Hell, after this paragraph alone we can scratch “Caricature virtue and vice” off our To Do list.
The result is that we misdirect our scalpel during “corrective” surgery, slicing off healthy tissue while allowing cancerous tumors in our midst to grow unfettered.
Hm. “[C]ancerous tumors in our midst,” I wonder if that’s supposed to be some kind of metaphor for certain people…?
Nazi ideologists frequently employed [medical and disease metaphors] in their public attacks on the Jews. In these metaphors, the Jews were compared to various types of bacilli or disease: cancers, plague, or tuberculosis.
Nah. Probably not…Anyway, I shouldn’t compare Selwyn’s column to Nazi rhetoric; after all, he hasn’t broken Godwin’s law…
The modern leftist is as blind as a Nazi who thinks he is good because he is hygienic and punctual.
Oops. Looks like Mother Superior jumped the gun there…
Yet this leftist conception of virtue is as shallow as it is narrow; its definition of goodness doesn’t seem to involve love for what one defends as much as equal-opportunity hatred. As to this, I have long observed something: liberals treat blacks like people; the problem is that they don’t treat people like people. That is to say, they treat blacks like everyone else, but they treat everyone pretty shabbily.
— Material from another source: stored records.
(* Let $\bar{\mathcal{X}}=(\mathcal{X}_0,\mathcal{X}_1)$ be a pair of ri spaces over $(\Omega,\mu)$ with fundamental functions $\phi_0,\phi_1$, and let $\bar\phi\in\mathscr{P}$. Then the fundamental function of the abstract Marcinkiewicz space $M_{\bar\phi}(\bar{\mathcal{X}})$ satisfies $\phi_{M_{\bar\phi}(\bar{\mathcal{X}})}(t)=\bar\phi(\phi_0(t),\phi_1(t))$ for all $t>0$.
   Context: $(\Omega,\mu)$ has $\mu(\Omega)=1$ and is purely non-atomic or completely atomic with atoms of equal measure. An ri space is a Banach function space over $(\Omega,\mu)$ whose norm is rearrangement invariant; its fundamental function is $\phi_{\mathcal{X}}(t)=\|\chi_{E_t}\|_{\mathcal{X}}$ with $\mu(E_t)=t$. $\mathscr{P}$ is the set of functions $\mathbb{R}_{\ge0}\times\mathbb{R}_{\ge0}\to\mathbb{R}_{\ge0}$ that are positively homogeneous, non-zero except at $(0,0)$, and nondecreasing in both arguments. For $\bar\phi\in\mathscr{P}$, its dual is $\bar\phi^*(\alpha,\beta)=1/\bar\phi(1/\alpha,1/\beta)$. The $K$-functional is $K(s_0,s_1,X,\bar{\mathcal{X}})=\inf\{s_0\|X_0\|_{\mathcal{X}_0}+s_1\|X_1\|_{\mathcal{X}_1}:X=X_0+X_1,\ X_i\in\mathcal{X}_i\}$, and $M_{\bar\phi}(\bar{\mathcal{X}})$ is the space of $X\in\mathcal{X}_0+\mathcal{X}_1$ with finite norm $\|X\|_{M_{\bar\phi}(\bar{\mathcal{X}})}=\sup_{s_0,s_1}K(s_0,s_1,X,\bar{\mathcal{X}})/\bar\phi^*(s_0,s_1)$. *)

theory Defs
  imports "HOL-Probability.Probability"
begin

definition is_atom :: "'a measure \<Rightarrow> 'a set \<Rightarrow> bool" where
  "is_atom M A \<longleftrightarrow> A \<in> sets M \<and> measure M A > 0 \<and>
     (\<forall>B\<in>sets M. B \<subseteq> A \<longrightarrow> measure M B = 0 \<or> measure M B = measure M A)"

definition nonatomic :: "'a measure \<Rightarrow> bool" where
  "nonatomic M \<longleftrightarrow> (\<forall>A\<in>sets M. measure M A > 0 \<longrightarrow>
     (\<exists>B\<in>sets M. B \<subseteq> A \<and> 0 < measure M B \<and> measure M B < measure M A))"

text \<open>Completely atomic with (finitely many, since the total mass is 1) atoms of equal measure.\<close>
definition equal_atomic :: "'a measure \<Rightarrow> bool" where
  "equal_atomic M \<longleftrightarrow> (\<exists>(n::nat) A. n > 0 \<and> (\<forall>i<n. is_atom M (A i) \<and> measure M (A i) = 1 / real n)
      \<and> disjoint_family_on A {..<n} \<and> (\<Union>i<n. A i) = space M)"

definition admissible_space :: "'a measure \<Rightarrow> bool" where
  "admissible_space M \<longleftrightarrow> prob_space M \<and> (nonatomic M \<or> equal_atomic M)"

text \<open>A Banach function norm (Luxemburg axioms) on real-valued measurable functions,
  with value \<open>\<infinity>\<close> outside the space. The space is \<open>{f. N f < \<infinity>}\<close>.\<close>
definition banach_function_norm :: "'a measure \<Rightarrow> (('a \<Rightarrow> real) \<Rightarrow> ennreal) \<Rightarrow> bool" where
  "banach_function_norm M N \<longleftrightarrow>
    (\<forall>f\<in>borel_measurable M. N f = 0 \<longleftrightarrow> (AE x in M. f x = 0)) \<and>
    (\<forall>f\<in>borel_measurable M. \<forall>c::real. N (\<lambda>x. c * f x) = ennreal \<bar>c\<bar> * N f) \<and>
    (\<forall>f\<in>borel_measurable M. \<forall>g\<in>borel_measurable M. N (\<lambda>x. f x + g x) \<le> N f + N g) \<and>
    (\<forall>f\<in>borel_measurable M. \<forall>g\<in>borel_measurable M.
        (AE x in M. \<bar>g x\<bar> \<le> \<bar>f x\<bar>) \<longrightarrow> N g \<le> N f) \<and>
    (\<forall>(fs::nat \<Rightarrow> 'a \<Rightarrow> real) g. (\<forall>n. fs n \<in> borel_measurable M) \<longrightarrow> g \<in> borel_measurable M \<longrightarrow>
        (\<forall>n. AE x in M. 0 \<le> fs n x \<and> fs n x \<le> fs (Suc n) x) \<longrightarrow>
        (AE x in M. (\<lambda>n. fs n x) \<longlonglongrightarrow> g x) \<longrightarrow> (SUP n. N (fs n)) = N g) \<and>
    (\<forall>E\<in>sets M. emeasure M E < \<infinity> \<longrightarrow> N (indicator E) < \<infinity>) \<and>
    (\<forall>E\<in>sets M. emeasure M E < \<infinity> \<longrightarrow> (\<exists>C::real. \<forall>f\<in>borel_measurable M.
        (\<integral>\<^sup>+x\<in>E. ennreal \<bar>f x\<bar> \<partial>M) \<le> ennreal C * N f))"

definition equimeasurable :: "'a measure \<Rightarrow> ('a \<Rightarrow> real) \<Rightarrow> ('a \<Rightarrow> real) \<Rightarrow> bool" where
  "equimeasurable M f g \<longleftrightarrow> (\<forall>s::real.
     emeasure M {x\<in>space M. \<bar>f x\<bar> > s} = emeasure M {x\<in>space M. \<bar>g x\<bar> > s})"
What does that mean, exactly? It’s not like liberals go around torturing people…
With Torquemada-like zeal they advance the dogma that we must treat all people equally…
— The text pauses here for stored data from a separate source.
(* Let $k\in\mathbb{N}$ and let $\psi$ be a complex-valued function on $T$. The following are equivalent: (a) $M_\psi$ is bounded on $\mathcal{L}^{(k)}$; (b) $M_\psi$ is bounded on $\mathcal{L}^{(k)}_0$; (c) $\psi\in L^\infty\cap \mathcal{L}^{(k+1)}$. Furthermore, under these conditions, the operator norm $\|M_\psi\|$ satisfies $$\max\{\|\psi\|_\infty,\|\psi\|_k\}\le \|M_\psi\|\le \|\psi\|_\infty+\sup_{v\in T^*}|v|\prod_{j=1}^{k}\ell_j(|v|)\,D\psi(v).$$
   Context: $T$ is a tree (locally finite, connected, simply connected graph, identified with its vertex set) without terminal vertices, rooted at a vertex $o$. For $v\in T$, $|v|$ is the number of edges of the path from $o$ to $v$; for $v\ne o$, $v^-$ denotes the neighbor of $v$ on the path from $o$ to $v$ (the parent of $v$). $T^*=T\setminus\{o\}$. For a function $f:T\to\mathbb{C}$ and $v\in T^*$, $Df(v)=|f(v)-f(v^-)|$. For $x\ge1$ define $\ell_0(x)=1$, $\ell_1(x)=1+\ln x$, and $\ell_j(x)=1+\ln\ell_{j-1}(x)$ for $j\ge2$. For $k\in\mathbb{N}$, $\mathcal{L}^{(k)}$ is the set of $f:T\to\mathbb{C}$ with $\sup_{v\in T^*}|v|\prod_{j=0}^{k-1}\ell_j(|v|)Df(v)<\infty$, with norm $\|f\|_k=|f(o)|+\sup_{v\in T^*}|v|\prod_{j=0}^{k-1}\ell_j(|v|)Df(v)$. $\mathcal{L}^{(k)}_0$ is the subspace of $f\in\mathcal{L}^{(k)}$ with $\lim_{|v|\to\infty}|v|\prod_{j=0}^{k-1}\ell_j(|v|)Df(v)=0$. $L^\infty$ is the space of bounded functions on $T$ with $\|f\|_\infty=\sup_{v\in T}|f(v)|$. $M_\psi f=\psi f$ is the multiplication operator with symbol $\psi$; $\|M_\psi\|$ denotes its operator norm on the space ($\mathcal{L}^{(k)}$ or $\mathcal{L}^{(k)}_0$) on which it acts. *)

theory Defs
  imports "HOL-Analysis.Analysis"
begin

text \<open>A rooted tree on the vertex type 'v (vertex set = UNIV), given by its root
  r and its parent map par (convention: par r = r).\<close>

definition neighbors :: "'v \<Rightarrow> ('v \<Rightarrow> 'v) \<Rightarrow> 'v \<Rightarrow> 'v set" where
  "neighbors r par v = {w. w \<noteq> r \<and> par w = v} \<union> (if v = r then {} else {par v})"

definition rooted_tree :: "'v \<Rightarrow> ('v \<Rightarrow> 'v) \<Rightarrow> bool" where
  "rooted_tree r par \<longleftrightarrow>
     par r = r \<and>
     (\<forall>v. \<exists>n. (par ^^ n) v = r) \<and>
     (\<forall>v. finite (neighbors r par v)) \<and>
     (\<forall>v. card (neighbors r par v) \<noteq> 1)"

definition depth :: "'v \<Rightarrow> ('v \<Rightarrow> 'v) \<Rightarrow> 'v \<Rightarrow> nat" where
  "depth r par v = (LEAST n. (par ^^ n) v = r)"

fun ell :: "nat \<Rightarrow> real \<Rightarrow> real" where
  "ell 0 x = 1"
| "ell (Suc 0) x = 1 + ln x"
| "ell (Suc (Suc j)) x = 1 + ln (ell (Suc j) x)"

definition Dif :: "('v \<Rightarrow> 'v) \<Rightarrow> ('v \<Rightarrow> complex) \<Rightarrow> 'v \<Rightarrow> real" where
  "Dif par f v = cmod (f v - f (par v))"

definition wdiff :: "'v \<Rightarrow> ('v \<Rightarrow> 'v) \<Rightarrow> nat \<Rightarrow> ('v \<Rightarrow> complex) \<Rightarrow> 'v \<Rightarrow> real" where
  "wdiff r par k f v =
     real (depth r par v) * (\<Prod>j<k. ell j (real (depth r par v))) * Dif par f v"

definition Lk :: "'v \<Rightarrow> ('v \<Rightarrow> 'v) \<Rightarrow> nat \<Rightarrow> ('v \<Rightarrow> complex) set" where
  "Lk r par k = {f. bdd_above (wdiff r par k f ` (UNIV - {r}))}"

text \<open>The supremum is taken over T* together with 0 (all values are nonnegative,
  so this only matters when T* is empty).\<close>
definition normk :: "'v \<Rightarrow> ('v \<Rightarrow> 'v) \<Rightarrow> nat \<Rightarrow> ('v \<Rightarrow> complex) \<Rightarrow> real" where
  "normk r par k f = cmod (f r) + Sup (insert 0 (wdiff r par k f ` (UNIV - {r})))"

definition Lk0 :: "'v \<Rightarrow> ('v \<Rightarrow> 'v) \<Rightarrow> nat \<Rightarrow> ('v \<Rightarrow> complex) set" where
  "Lk0 r par k = {f \<in> Lk r par k.
      \<forall>\<epsilon>>0. \<exists>N. \<forall>v. v \<noteq> r \<and> depth r par v \<ge> N \<longrightarrow> wdiff r par k f v < \<epsilon>}"

definition Linf :: "('v \<Rightarrow> complex) set" where
  "Linf = {f. bounded (range f)}"

definition supnorm :: "('v \<Rightarrow> complex) \<Rightarrow> real" where
  "supnorm f = (SUP v. cmod (f v))"

definition mult_bounded_on :: "('v \<Rightarrow> complex) set \<Rightarrow> (('v \<Rightarrow> complex) \<Rightarrow> real)
    \<Rightarrow> ('v \<Rightarrow> complex) \<Rightarrow> bool" where
  "mult_bounded_on X N \<psi> \<longleftrightarrow>
     (\<forall>f\<in>X. (\<lambda>v. \<psi> v * f v) \<in> X) \<and>
     (\<exists>C. \<forall>f\<in>X. N (\<lambda>v. \<psi> v * f v) \<le> C * N f)"

definition mult_opnorm :: "('v \<Rightarrow> complex) set \<Rightarrow> (('v \<Rightarrow> complex) \<Rightarrow> real)
    \<Rightarrow> ('v \<Rightarrow> complex) \<Rightarrow> real" where
  "mult_opnorm X N \<psi> = (SUP f\<in>X - {\<lambda>v. 0}. N (\<lambda>v. \<psi> v * f v) / N f)"

end

theory Submission
  imports Defs
begin

text \<open>Write W_k(n) = n ell_0(n) ... ell_{k-1}(n). The iterated logarithm ell_k is, up to the
  factor 2^(k+1), a discrete primitive of 1/W_k: its increment from n to n+1 lies between
  1/W_k(n+1) and 2^(k+1)/W_k(n+1). Summing along the path from the root therefore gives
  |f(v)| <= ||f||_k ell_k(|v|) on L^(k), and |f(v)| = o(ell_k(|v|)) on L^(k)_0.
  Together with the discrete product rule D(psi f)(v) <= |psi(v)| Df(v) + |f(v^-)| Dpsi(v)
  this shows that every psi in L^oo and L^(k+1) multiplies both spaces boundedly, with the
  stated norm bound. Conversely, if M_psi is bounded by C then ||psi^n||_k <= C^n, and the
  growth estimate forces |psi| <= C; testing M_psi on the truncations ell_k(min(|v|, N)),
  which lie in L^(k)_0 with uniformly bounded norms, gives psi in L^(k+1). The lower bound
  ||psi||_k for the operator norm comes from testing on the constant 1.\<close>

definition ell_prod :: "nat \<Rightarrow> real \<Rightarrow> real" where
  "ell_prod j x = (\<Prod>i<j. ell i x)"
Those where the days, back when the Equal Employment Opportunities Commission could impose the Auto-da-fe, instead of these wimpy fines.
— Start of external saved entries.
lemma card_le_twice_card_image:
  fixes f :: "'a::linorder \<Rightarrow> 'b"
  assumes "finite A"
    and no_three: "\<And>i j k. i \<in> A \<Longrightarrow> j \<in> A \<Longrightarrow> k \<in> A \<Longrightarrow> i < j \<Longrightarrow> j < k \<Longrightarrow>
      f i = f j \<Longrightarrow> f j = f k \<Longrightarrow> False"
  shows "card A \<le> 2 * card (f ` A)"
proof -
  txt \<open>Flagging repeated values makes f injective, since no value occurs a third time.\<close>
  define g where "g i = (f i, \<exists>h\<in>A. h < i \<and> f h = f i)" for i
  have "inj_on g A"
  proof -
    have False if "i \<in> A" "j \<in> A" "i < j" "g i = g j" for i j
    proof -
      from that have "\<exists>h\<in>A. h < i \<and> f h = f i" "f i = f j"
        unfolding g_def by auto
      then show False using no_three that by metis
    qed
    then show ?thesis
      unfolding inj_on_def by (metis linorder_neqE)
  qed
  then have "card A = card (g ` A)" by (simp add: card_image)
  also have "\<dots> \<le> card (f ` A \<times> (UNIV :: bool set))"
    using assms(1) by (intro card_mono) (auto simp: g_def)
  also have "\<dots> = 2 * card (f ` A)" by (simp add: card_cartesian_product)
  finally show ?thesis .
qed

lemma less_three_times_imp_le_twice_square:
  fixes n N :: nat
  assumes "n < 3 * N"
  shows "n \<le> 2 * N^2"
proof (cases "N \<le> 1")
  case True
  with assms show ?thesis by (cases N) auto
next
  case False
  then have "2 * N \<le> N * N" "N \<le> N * N" using mult_le_mono1[of 2 N N] by auto
  with assms show ?thesis unfolding power2_eq_square by linarith
qed

locale shortest_difference =
  fixes Sig :: "'a set" and Gam :: "'b set"
    and M1 :: "('q1, 'a, 'b) transducer" and M2 :: "('q2, 'a, 'b) transducer"
    and A :: "('s, 'a) dfa" and u :: "'a list"
  assumes wf_M1: "wf_transducer Sig Gam M1" and wf_M2: "wf_transducer Sig Gam M2"
    and wf_A: "wf_dfa Sig A"
    and u_in_lang: "u \<in> dfa_lang Sig A"
    and u_differs: "t_sem M1 u \<noteq> t_sem M2 u"
    and shorter_agree: "\<And>v. v \<in> dfa_lang Sig A \<Longrightarrow> length v < length u \<Longrightarrow> t_sem M1 v = t_sem M2 v"
begin

definition profile :: "nat \<Rightarrow> 'q1 option \<times> 'q2 option \<times> 's" where
  "profile i = (t_state M1 (take i u), t_state M2 (take i u),
     foldl (d_delta A) (d_init A) (take i u))"

lemma cut_agrees:
  assumes "i < j" "j \<le> length u" "profile i = profile j"
  shows "t_sem M1 (take i u @ drop j u) = t_sem M2 (take i u @ drop j u)"
proof (rule shorter_agree)
  have "set (take i u) \<subseteq> Sig"
    using u_in_lang set_take_subset unfolding dfa_lang_def by fastforce
  then show "take i u @ drop j u \<in> dfa_lang Sig A"
    using dfa_lang_replace_prefix[of "take j u" "drop j u" Sig A "take i u"] u_in_lang assms(3)
    unfolding profile_def by simp
  show "length (take i u @ drop j u) < length u" using assms(1,2) by simp
qed

lemma cut_None_iff:
  assumes "profile i = profile j"
  shows "t_sem M1 (take i u @ drop j u) = None \<longleftrightarrow> t_sem M1 u = None"
    and "t_sem M2 (take i u @ drop j u) = None \<longleftrightarrow> t_sem M2 u = None"
  using assms t_sem_None_cong[of M1 "take i u" "take j u" "drop j u"]
    t_sem_None_cong[of M2 "take i u" "take j u" "drop j u"]
  unfolding profile_def by simp_all

lemma no_three_equal_profiles:
  assumes "i < j" "j < k" "k \<le> length u" "profile i = profile j" "profile j = profile k"
  shows False
proof -
  define x y1 y2 z where "x = take i u" "y1 = take (j - i) (drop i u)"
    "y2 = take (k - j) (drop j u)" "z = drop k u"
  have x_y1: "x @ y1 = take j u"
    using take_add[of i "j - i" u] assms(1) unfolding x_y1_y2_z_def by simp
  have x_y1_y2: "x @ y1 @ y2 = take k u"
    using take_add[of j "k - j" u] assms(2) x_y1 unfolding x_y1_y2_z_def by simp
  have y2_z: "y2 @ z = drop j u"
    using append_take_drop_id[of "k - j" "drop j u"] assms(2) unfolding x_y1_y2_z_def by simp
  have u: "u = x @ y1 @ y2 @ z"
    using arg_cong[of _ _ "\<lambda>v. v @ z", OF x_y1_y2] unfolding x_y1_y2_z_def by simp
  have "t_sem M1 (x @ y1 @ y2 @ z) = t_sem M2 (x @ y1 @ y2 @ z)"
  proof (rule t_sem_eq_two_loops)
    show "t_state M1 x = t_state M1 (x @ y1)" "t_state M1 (x @ y1) = t_state M1 (x @ y1 @ y2)"
      "t_state M2 x = t_state M2 (x @ y1)" "t_state M2 (x @ y1) = t_state M2 (x @ y1 @ y2)"
      using assms(4,5) unfolding x_y1 x_y1_y2 unfolding x_y1_y2_z_def profile_def by simp_all
    show "t_sem M1 (x @ z) = t_sem M2 (x @ z)"
      using cut_agrees[of i k] assms unfolding x_y1_y2_z_def by simp
    show "t_sem M1 (x @ y1 @ z) = t_sem M2 (x @ y1 @ z)"
      using cut_agrees[of j k] assms x_y1 unfolding x_y1_y2_z_def
      by (metis append.assoc)
    show "t_sem M1 (x @ y2 @ z) = t_sem M2 (x @ y2 @ z)"
      using cut_agrees[of i j] assms y2_z unfolding x_y1_y2_z_def by simp
  qed
  then show False using u u_differs by simp
qed

lemma inj_on_profile_if_one_undefined:
  assumes "t_sem M1 u = None \<or> t_sem M2 u = None"
  shows "inj_on profile {0..length u}"
proof -
  have False if "i < j" "j \<le> length u" "profile i = profile j" for i j
    using cut_agrees[OF that] cut_None_iff[OF that(3)] assms u_differs by auto
  then show ?thesis
    by (intro inj_onI) (metis atLeastAtMost_iff linorder_neqE_nat)
qed

definition profile_space :: "('q1 option \<times> 'q2 option \<times> 's) set" where
  "profile_space = (Some ` t_states M1 \<times> Some ` t_states M2 \<times> d_states A)
     \<union> ({None} \<times> Some ` t_states M2 \<times> d_states A)
     \<union> (Some ` t_states M1 \<times> {None} \<times> d_states A)"

lemma finite_states: "finite (t_states M1)" "finite (t_states M2)" "finite (d_states A)"
  using wf_M1 wf_M2 wf_A unfolding wf_transducer_def wf_dfa_def by auto

lemma card_states_ge_1: "1 \<le> card (t_states M1)" "1 \<le> card (t_states M2)" "1 \<le> card (d_states A)"
  using wf_M1 wf_M2 wf_A finite_states unfolding wf_transducer_def wf_dfa_def
  by (auto simp: Suc_le_eq card_gt_0_iff)

lemma card_profile_space:
  "card profile_space \<le> 3 * (card (t_states M1) * card (t_states M2) * card (d_states A))"
  (is "_ \<le> 3 * ?N")
proof -
  have "card profile_space \<le> ?N + card (t_states M2) * card (d_states A)
      + card (t_states M1) * card (d_states A)"
    unfolding profile_space_def
    using card_Un_le[of "Some ` t_states M1 \<times> Some ` t_states M2 \<times> d_states A"
        "{None} \<times> Some ` t_states M2 \<times> d_states A"]
      card_Un_le[of "(Some ` t_states M1 \<times> Some ` t_states M2 \<times> d_states A)
        \<union> ({None} \<times> Some ` t_states M2 \<times> d_states A)"
        "Some ` t_states M1 \<times> {None} \<times> d_states A"]
    by (simp add: card_cartesian_product card_image)
  moreover have "card (t_states M2) * card (d_states A) \<le> ?N"
    "card (t_states M1) * card (d_states A) \<le> ?N"
    using card_states_ge_1 by simp_all
  ultimately show ?thesis by linarith
qed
Equally at what moral level? You can treat people equally by killing them all with the same expedition and ferocity.
And that’s how we get from the liberal push to provide health care for all Americans, to forcing patients to stand in their hospital gowns before a leftist Star Chamber and defend their right take a beta blocker.
So here is the implied standard: you may curse people out generically for five minutes with seething hatred, just don’t utter one racial epithet. You may let everyone starve, just don’t give one race a morsel of food another cannot digest.
Lactose-intolerance is the new Black.
You may corrupt all races with vile hip-hop anti-culture, just don’t imply that it is more corruptive than anything else. This is our national hang-up, our racial Puritanism.
I agree, Mr. Duke, that your column is rich in “racial Puritanism,” I just don’t think it means what you want us to think it means. So I guess after all this, I’ve learned one more thing about Selwyn: He seems to be dying to shout out certain words and ideas that even American Thinker wouldn’t publish or condone, but he believes he’s smart enough to encode his message in such a way that only the Right Kind of People will be able to decrypt it. So actually, he’s pretty stupid.
Okay, so two things.
“slackers who are rewarded, heroes who are derided . . .”
Sounds like the Republicans during the 2004 election, but maybe that’s just me.